Requirement. Examine the records and identify each line that includes the string "definition". Copy those lines.

Available data.
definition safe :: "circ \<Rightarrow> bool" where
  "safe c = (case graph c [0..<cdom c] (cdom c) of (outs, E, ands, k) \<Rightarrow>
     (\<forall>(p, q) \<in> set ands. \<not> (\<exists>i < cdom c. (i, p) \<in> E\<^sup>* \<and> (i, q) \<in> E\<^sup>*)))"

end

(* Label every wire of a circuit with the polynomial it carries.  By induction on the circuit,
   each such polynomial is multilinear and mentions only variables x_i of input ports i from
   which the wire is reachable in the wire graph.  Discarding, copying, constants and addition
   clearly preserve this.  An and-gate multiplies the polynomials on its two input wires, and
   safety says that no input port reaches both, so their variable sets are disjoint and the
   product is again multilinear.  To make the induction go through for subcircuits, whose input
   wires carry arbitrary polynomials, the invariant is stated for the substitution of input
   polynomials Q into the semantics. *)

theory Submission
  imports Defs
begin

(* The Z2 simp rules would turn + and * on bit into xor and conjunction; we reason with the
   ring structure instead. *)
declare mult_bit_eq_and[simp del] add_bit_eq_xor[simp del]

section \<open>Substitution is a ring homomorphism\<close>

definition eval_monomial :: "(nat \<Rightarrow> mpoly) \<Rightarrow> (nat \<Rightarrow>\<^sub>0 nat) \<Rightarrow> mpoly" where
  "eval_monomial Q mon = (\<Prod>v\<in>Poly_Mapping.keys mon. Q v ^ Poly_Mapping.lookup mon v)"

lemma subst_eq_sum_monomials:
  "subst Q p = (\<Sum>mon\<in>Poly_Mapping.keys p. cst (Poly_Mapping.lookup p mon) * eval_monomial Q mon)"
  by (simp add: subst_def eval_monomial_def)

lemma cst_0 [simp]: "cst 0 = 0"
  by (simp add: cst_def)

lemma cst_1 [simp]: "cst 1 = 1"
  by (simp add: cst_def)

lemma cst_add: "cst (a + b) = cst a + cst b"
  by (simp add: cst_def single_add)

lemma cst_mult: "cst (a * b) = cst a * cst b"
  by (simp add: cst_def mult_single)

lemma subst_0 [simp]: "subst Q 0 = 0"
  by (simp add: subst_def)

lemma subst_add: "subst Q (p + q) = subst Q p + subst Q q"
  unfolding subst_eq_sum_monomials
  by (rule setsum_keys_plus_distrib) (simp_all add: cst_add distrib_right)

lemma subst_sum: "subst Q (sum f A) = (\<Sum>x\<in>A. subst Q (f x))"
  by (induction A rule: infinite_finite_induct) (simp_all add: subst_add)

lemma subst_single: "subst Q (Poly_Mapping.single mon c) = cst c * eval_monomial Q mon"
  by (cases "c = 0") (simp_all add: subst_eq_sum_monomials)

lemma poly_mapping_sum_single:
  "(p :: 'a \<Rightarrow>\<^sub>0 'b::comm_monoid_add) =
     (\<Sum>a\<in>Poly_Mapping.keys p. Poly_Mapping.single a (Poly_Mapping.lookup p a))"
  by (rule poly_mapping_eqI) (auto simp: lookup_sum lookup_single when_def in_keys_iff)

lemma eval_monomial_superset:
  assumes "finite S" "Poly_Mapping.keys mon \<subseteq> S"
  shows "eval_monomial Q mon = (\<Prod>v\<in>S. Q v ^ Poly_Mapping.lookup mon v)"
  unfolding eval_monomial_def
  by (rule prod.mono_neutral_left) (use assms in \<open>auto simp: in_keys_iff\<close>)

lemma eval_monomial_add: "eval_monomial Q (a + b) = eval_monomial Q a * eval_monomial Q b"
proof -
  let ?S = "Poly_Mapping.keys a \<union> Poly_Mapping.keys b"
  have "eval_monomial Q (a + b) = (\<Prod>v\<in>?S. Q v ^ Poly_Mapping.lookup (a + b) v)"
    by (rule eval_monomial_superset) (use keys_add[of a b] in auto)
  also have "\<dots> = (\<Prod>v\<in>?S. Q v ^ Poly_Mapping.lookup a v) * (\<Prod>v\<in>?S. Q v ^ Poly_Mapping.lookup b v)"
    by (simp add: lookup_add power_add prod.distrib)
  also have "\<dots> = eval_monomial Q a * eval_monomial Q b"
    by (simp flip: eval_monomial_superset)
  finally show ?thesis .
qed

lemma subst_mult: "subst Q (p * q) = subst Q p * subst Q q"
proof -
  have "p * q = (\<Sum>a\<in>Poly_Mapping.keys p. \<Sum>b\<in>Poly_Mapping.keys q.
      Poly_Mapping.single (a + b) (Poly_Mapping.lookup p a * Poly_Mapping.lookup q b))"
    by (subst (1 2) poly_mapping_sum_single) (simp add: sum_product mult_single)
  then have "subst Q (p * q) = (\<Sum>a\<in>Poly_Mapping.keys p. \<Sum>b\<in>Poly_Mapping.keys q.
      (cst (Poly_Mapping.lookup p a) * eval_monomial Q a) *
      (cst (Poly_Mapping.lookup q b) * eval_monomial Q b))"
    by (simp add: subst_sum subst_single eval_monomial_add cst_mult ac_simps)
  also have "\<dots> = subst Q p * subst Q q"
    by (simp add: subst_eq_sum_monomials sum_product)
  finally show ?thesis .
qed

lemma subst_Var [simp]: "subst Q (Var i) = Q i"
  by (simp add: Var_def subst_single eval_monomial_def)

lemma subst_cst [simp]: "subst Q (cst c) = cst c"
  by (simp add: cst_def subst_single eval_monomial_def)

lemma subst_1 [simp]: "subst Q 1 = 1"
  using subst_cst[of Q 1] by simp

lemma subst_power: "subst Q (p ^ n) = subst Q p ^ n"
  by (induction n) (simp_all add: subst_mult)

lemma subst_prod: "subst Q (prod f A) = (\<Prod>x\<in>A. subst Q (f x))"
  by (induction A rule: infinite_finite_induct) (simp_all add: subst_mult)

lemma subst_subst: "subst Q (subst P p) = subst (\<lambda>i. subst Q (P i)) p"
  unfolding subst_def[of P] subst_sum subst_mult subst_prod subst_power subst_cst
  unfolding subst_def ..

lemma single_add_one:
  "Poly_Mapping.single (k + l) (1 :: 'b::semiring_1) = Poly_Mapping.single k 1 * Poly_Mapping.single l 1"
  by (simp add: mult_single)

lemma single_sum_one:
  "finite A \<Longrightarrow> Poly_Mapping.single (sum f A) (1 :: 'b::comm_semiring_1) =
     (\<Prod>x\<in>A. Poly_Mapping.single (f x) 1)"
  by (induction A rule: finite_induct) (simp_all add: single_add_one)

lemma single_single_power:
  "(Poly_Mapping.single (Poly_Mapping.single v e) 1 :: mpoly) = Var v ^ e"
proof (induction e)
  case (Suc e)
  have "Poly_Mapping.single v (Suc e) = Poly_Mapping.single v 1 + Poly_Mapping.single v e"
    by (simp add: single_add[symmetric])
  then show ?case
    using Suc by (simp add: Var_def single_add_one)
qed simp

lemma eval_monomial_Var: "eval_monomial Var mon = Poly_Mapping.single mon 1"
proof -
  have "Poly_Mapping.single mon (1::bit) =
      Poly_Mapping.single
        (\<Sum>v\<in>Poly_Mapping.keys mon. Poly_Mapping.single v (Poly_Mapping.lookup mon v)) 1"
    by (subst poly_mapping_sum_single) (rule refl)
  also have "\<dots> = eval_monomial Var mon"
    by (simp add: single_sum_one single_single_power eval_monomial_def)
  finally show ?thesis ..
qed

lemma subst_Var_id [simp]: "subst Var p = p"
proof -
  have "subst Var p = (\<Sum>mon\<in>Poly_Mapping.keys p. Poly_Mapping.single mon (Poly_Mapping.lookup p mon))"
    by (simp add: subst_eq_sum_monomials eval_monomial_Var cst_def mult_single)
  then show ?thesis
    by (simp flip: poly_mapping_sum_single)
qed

* * *

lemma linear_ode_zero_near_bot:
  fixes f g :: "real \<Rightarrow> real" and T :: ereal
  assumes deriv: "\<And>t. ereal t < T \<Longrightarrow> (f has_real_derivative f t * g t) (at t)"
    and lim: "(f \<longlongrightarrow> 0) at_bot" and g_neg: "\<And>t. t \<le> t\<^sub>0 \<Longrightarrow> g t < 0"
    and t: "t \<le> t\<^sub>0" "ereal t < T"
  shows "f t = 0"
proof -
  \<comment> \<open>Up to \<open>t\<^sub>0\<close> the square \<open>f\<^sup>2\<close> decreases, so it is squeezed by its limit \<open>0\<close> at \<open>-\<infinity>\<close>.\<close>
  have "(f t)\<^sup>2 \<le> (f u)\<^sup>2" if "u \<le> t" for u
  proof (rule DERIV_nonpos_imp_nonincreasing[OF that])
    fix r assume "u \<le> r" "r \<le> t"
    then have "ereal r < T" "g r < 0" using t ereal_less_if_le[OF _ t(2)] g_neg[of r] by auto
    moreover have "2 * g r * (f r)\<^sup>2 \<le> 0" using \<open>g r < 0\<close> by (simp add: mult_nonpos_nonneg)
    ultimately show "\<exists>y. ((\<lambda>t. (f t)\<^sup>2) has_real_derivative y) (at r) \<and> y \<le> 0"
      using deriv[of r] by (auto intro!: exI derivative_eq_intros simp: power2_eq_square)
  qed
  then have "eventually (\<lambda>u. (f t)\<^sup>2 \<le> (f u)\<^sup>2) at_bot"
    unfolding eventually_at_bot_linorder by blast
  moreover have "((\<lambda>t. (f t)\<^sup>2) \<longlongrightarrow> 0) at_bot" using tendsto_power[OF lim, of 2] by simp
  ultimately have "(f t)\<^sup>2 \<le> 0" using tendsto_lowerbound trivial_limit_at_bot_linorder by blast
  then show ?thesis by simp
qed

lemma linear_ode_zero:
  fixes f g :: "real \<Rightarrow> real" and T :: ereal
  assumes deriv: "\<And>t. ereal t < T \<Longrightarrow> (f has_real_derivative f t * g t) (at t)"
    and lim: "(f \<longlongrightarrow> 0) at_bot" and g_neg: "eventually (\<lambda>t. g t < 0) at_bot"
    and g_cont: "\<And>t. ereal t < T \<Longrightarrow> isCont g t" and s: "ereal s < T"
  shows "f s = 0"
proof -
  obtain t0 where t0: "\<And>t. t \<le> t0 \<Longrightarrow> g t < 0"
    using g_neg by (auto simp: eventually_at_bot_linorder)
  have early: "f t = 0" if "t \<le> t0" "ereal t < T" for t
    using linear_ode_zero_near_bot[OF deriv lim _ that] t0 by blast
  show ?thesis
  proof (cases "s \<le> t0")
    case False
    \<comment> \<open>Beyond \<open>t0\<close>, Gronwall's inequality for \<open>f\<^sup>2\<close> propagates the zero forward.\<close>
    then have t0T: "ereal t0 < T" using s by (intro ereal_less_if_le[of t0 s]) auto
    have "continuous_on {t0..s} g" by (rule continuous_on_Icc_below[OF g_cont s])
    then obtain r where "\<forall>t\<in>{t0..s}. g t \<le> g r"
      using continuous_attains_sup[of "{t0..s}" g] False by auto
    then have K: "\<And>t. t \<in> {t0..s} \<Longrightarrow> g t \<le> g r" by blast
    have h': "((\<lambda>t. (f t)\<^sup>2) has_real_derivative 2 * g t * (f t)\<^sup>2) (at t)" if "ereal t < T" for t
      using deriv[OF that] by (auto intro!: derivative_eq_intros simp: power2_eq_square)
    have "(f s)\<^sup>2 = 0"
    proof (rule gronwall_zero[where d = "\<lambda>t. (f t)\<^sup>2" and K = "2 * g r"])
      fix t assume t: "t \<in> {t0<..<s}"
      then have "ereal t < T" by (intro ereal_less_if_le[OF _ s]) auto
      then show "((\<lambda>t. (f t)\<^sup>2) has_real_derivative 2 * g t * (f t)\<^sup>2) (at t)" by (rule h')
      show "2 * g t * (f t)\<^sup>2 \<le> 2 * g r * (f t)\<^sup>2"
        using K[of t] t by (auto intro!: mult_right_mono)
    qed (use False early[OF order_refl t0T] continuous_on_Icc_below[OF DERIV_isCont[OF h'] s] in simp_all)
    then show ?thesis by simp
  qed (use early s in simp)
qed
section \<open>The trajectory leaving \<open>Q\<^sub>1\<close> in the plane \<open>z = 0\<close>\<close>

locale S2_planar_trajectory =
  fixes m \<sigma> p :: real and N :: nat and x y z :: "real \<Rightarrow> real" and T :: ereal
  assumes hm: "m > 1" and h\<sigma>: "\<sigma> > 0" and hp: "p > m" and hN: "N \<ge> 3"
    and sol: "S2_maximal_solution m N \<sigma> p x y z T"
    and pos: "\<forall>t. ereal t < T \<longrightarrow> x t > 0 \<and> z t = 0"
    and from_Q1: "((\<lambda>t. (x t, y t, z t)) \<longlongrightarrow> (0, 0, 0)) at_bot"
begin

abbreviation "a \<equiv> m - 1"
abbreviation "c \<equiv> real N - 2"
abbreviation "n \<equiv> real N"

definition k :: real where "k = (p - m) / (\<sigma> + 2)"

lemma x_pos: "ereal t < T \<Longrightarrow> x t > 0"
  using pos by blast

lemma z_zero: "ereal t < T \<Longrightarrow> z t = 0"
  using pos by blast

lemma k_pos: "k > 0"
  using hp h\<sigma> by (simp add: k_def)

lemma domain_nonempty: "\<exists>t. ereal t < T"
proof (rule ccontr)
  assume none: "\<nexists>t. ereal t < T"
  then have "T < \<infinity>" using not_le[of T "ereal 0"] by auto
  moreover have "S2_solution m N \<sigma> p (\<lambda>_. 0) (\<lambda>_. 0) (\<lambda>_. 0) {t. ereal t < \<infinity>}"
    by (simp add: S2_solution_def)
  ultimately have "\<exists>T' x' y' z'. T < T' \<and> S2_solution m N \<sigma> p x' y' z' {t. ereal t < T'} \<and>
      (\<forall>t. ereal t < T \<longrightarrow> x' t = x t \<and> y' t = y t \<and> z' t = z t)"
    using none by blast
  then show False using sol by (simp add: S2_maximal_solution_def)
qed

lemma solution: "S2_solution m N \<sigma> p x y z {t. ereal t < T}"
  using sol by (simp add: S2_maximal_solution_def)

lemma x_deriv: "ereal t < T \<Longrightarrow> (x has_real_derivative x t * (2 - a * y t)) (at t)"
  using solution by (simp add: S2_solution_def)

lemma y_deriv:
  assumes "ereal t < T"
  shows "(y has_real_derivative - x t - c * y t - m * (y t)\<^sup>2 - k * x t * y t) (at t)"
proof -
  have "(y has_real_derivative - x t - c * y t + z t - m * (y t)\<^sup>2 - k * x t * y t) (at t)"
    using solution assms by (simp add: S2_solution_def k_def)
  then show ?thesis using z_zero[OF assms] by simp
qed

Result below.
definition safe :: "circ \<Rightarrow> bool" where
definition eval_monomial :: "(nat \<Rightarrow> mpoly) \<Rightarrow> (nat \<Rightarrow>\<^sub>0 nat) \<Rightarrow> mpoly" where
definition k :: real where "k = (p - m) / (\<sigma> + 2)"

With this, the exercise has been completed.